Stored records
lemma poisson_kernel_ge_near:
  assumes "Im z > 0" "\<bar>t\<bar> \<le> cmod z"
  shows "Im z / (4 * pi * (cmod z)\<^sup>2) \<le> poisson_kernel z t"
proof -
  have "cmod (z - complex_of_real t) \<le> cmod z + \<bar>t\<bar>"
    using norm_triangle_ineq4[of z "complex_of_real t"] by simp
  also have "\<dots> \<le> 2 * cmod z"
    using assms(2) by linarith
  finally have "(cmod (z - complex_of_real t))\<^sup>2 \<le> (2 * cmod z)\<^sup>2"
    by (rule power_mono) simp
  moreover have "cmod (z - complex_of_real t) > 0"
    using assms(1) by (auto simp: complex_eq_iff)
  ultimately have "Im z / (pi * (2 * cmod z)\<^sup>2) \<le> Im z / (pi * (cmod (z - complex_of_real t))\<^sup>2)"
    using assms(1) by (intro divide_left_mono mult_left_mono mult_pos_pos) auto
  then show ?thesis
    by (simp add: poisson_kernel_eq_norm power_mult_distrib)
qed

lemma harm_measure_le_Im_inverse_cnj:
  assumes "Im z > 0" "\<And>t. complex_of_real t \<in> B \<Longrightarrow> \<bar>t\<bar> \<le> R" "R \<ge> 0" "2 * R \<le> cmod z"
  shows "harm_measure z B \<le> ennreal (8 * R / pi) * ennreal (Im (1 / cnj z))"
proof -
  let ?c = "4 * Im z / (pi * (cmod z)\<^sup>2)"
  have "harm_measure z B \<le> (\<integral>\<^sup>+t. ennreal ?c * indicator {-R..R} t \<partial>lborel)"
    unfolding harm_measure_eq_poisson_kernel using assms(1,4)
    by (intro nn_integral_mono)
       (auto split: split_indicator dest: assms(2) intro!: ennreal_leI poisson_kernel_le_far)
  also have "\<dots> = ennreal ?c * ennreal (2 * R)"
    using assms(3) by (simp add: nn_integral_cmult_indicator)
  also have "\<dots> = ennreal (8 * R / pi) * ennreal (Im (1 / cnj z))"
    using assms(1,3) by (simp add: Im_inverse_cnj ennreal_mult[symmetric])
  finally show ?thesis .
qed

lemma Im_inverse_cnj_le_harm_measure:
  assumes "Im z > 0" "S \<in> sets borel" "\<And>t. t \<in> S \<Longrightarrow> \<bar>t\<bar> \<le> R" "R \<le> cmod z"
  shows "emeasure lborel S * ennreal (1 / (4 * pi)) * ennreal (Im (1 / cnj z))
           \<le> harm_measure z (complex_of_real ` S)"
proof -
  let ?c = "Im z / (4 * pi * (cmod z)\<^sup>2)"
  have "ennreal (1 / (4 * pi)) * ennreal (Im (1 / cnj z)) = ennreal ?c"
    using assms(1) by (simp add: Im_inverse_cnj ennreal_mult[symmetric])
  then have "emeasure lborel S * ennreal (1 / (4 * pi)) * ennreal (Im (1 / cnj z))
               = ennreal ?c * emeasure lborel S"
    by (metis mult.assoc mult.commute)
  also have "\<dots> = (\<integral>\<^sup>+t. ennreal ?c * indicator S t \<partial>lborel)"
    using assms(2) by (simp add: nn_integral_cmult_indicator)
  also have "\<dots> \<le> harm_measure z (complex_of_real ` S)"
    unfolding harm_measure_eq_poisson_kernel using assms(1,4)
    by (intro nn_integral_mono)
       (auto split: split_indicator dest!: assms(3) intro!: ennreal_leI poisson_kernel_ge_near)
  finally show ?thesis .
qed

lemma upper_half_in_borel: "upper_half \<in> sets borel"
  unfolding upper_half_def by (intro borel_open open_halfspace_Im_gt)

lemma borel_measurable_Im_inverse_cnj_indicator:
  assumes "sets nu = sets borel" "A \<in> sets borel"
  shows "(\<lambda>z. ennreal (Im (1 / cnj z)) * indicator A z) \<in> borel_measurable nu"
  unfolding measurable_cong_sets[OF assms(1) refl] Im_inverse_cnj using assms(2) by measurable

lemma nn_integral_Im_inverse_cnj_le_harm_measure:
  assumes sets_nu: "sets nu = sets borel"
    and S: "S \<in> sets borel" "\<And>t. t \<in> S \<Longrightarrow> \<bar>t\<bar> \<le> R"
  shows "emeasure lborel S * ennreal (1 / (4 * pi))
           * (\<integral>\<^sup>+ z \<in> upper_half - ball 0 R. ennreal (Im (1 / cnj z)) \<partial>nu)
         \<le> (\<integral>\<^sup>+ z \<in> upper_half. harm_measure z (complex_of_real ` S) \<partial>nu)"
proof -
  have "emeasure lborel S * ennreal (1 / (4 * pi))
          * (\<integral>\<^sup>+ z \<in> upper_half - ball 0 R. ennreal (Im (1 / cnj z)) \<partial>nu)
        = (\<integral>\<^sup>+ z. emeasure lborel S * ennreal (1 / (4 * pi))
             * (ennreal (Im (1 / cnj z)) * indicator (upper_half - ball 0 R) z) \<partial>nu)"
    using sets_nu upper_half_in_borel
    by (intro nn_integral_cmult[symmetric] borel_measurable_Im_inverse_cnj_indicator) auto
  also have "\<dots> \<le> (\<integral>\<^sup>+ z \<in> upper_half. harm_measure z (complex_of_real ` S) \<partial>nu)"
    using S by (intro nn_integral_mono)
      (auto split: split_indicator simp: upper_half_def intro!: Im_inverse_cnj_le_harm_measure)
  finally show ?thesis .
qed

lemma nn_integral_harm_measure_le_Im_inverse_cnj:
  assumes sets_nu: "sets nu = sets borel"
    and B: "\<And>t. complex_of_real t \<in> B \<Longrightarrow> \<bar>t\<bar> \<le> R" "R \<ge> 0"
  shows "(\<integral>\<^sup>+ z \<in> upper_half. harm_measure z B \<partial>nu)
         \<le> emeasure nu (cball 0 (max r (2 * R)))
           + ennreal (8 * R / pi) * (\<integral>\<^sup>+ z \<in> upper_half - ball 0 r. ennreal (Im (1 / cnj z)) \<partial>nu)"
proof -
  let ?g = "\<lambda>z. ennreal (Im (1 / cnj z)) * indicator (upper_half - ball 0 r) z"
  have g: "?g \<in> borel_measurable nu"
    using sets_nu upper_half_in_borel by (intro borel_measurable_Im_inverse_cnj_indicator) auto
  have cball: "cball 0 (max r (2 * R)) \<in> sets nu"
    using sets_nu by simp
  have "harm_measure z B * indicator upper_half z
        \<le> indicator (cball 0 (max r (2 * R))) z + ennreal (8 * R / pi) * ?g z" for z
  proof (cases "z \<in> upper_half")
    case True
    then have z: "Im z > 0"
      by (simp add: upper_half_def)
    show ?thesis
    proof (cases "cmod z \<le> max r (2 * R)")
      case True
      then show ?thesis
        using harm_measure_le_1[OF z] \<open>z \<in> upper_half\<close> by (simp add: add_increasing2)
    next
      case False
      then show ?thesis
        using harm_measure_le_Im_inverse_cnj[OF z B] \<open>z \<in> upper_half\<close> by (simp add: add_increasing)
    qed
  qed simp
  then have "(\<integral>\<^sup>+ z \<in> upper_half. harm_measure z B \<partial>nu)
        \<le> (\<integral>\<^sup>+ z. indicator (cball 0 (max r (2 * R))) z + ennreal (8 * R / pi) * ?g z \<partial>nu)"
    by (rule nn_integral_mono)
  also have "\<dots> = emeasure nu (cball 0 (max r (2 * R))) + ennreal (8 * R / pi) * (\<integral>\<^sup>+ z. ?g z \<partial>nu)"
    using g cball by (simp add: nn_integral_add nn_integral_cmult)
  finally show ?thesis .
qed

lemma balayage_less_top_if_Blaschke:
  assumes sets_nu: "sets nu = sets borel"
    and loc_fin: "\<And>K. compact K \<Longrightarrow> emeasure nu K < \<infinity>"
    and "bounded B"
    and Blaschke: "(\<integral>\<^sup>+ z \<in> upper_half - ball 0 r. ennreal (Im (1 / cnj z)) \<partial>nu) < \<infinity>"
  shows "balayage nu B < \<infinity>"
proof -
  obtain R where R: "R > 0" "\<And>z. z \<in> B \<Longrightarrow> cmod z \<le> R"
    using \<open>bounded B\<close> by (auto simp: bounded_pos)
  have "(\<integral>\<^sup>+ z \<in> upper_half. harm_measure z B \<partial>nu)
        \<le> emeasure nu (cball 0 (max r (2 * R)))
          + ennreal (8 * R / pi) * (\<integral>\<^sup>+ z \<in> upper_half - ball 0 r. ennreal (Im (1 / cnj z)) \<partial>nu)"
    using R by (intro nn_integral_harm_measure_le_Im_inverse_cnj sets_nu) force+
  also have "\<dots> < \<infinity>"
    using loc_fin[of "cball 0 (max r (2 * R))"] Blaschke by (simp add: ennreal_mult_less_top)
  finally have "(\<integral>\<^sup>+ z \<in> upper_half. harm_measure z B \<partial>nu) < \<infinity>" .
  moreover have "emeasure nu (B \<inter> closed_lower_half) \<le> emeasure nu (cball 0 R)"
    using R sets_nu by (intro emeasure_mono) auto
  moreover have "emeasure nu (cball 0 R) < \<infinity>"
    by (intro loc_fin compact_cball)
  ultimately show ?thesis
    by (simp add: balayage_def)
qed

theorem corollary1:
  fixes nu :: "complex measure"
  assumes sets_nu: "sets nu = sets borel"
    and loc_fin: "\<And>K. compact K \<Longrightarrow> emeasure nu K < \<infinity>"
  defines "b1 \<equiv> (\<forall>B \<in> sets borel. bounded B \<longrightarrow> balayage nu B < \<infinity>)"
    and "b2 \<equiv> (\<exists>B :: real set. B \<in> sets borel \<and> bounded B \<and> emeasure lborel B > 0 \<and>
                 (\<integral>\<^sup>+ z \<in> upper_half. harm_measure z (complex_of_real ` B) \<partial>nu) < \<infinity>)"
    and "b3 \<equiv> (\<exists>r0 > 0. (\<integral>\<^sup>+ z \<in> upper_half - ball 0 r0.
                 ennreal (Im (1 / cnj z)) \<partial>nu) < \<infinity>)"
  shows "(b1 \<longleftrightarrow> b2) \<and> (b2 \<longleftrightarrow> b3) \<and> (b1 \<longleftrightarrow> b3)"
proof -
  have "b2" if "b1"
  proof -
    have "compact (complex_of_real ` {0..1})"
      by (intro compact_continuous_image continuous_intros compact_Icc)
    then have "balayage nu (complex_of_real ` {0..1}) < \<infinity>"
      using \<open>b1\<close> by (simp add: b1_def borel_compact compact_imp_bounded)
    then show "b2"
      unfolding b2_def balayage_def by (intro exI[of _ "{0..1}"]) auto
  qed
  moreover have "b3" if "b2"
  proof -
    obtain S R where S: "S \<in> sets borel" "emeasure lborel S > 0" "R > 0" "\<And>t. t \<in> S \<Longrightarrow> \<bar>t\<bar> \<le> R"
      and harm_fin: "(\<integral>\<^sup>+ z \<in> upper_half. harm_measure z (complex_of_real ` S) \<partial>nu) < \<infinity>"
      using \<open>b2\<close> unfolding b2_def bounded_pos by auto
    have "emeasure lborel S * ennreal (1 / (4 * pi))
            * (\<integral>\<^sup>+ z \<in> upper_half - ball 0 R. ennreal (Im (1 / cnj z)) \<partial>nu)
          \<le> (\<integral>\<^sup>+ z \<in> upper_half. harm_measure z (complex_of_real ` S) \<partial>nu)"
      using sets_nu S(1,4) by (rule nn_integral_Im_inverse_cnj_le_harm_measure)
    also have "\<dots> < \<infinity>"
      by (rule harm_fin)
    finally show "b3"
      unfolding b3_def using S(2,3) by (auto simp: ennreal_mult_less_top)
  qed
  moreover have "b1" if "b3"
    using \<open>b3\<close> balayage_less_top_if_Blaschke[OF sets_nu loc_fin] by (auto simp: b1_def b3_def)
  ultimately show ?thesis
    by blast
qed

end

**Problem to work on**
Return, exactly, the lines from the first line of the records above to the line containing "z)\<^sup>2) \<le> Im", both included.

**Result of this exercise**
lemma poisson_kernel_ge_near:
  assumes "Im z > 0" "\<bar>t\<bar> \<le> cmod z"
  shows "Im z / (4 * pi * (cmod z)\<^sup>2) \<le> poisson_kernel z t"
proof -
  have "cmod (z - complex_of_real t) \<le> cmod z + \<bar>t\<bar>"
    using norm_triangle_ineq4[of z "complex_of_real t"] by simp
  also have "\<dots> \<le> 2 * cmod z"
    using assms(2) by linarith
  finally have "(cmod (z - complex_of_real t))\<^sup>2 \<le> (2 * cmod z)\<^sup>2"
    by (rule power_mono) simp
  moreover have "cmod (z - complex_of_real t) > 0"
    using assms(1) by (auto simp: complex_eq_iff)
  ultimately have "Im z / (pi * (2 * cmod z)\<^sup>2) \<le> Im z / (pi * (cmod (z - complex_of_real t))\<^sup>2)"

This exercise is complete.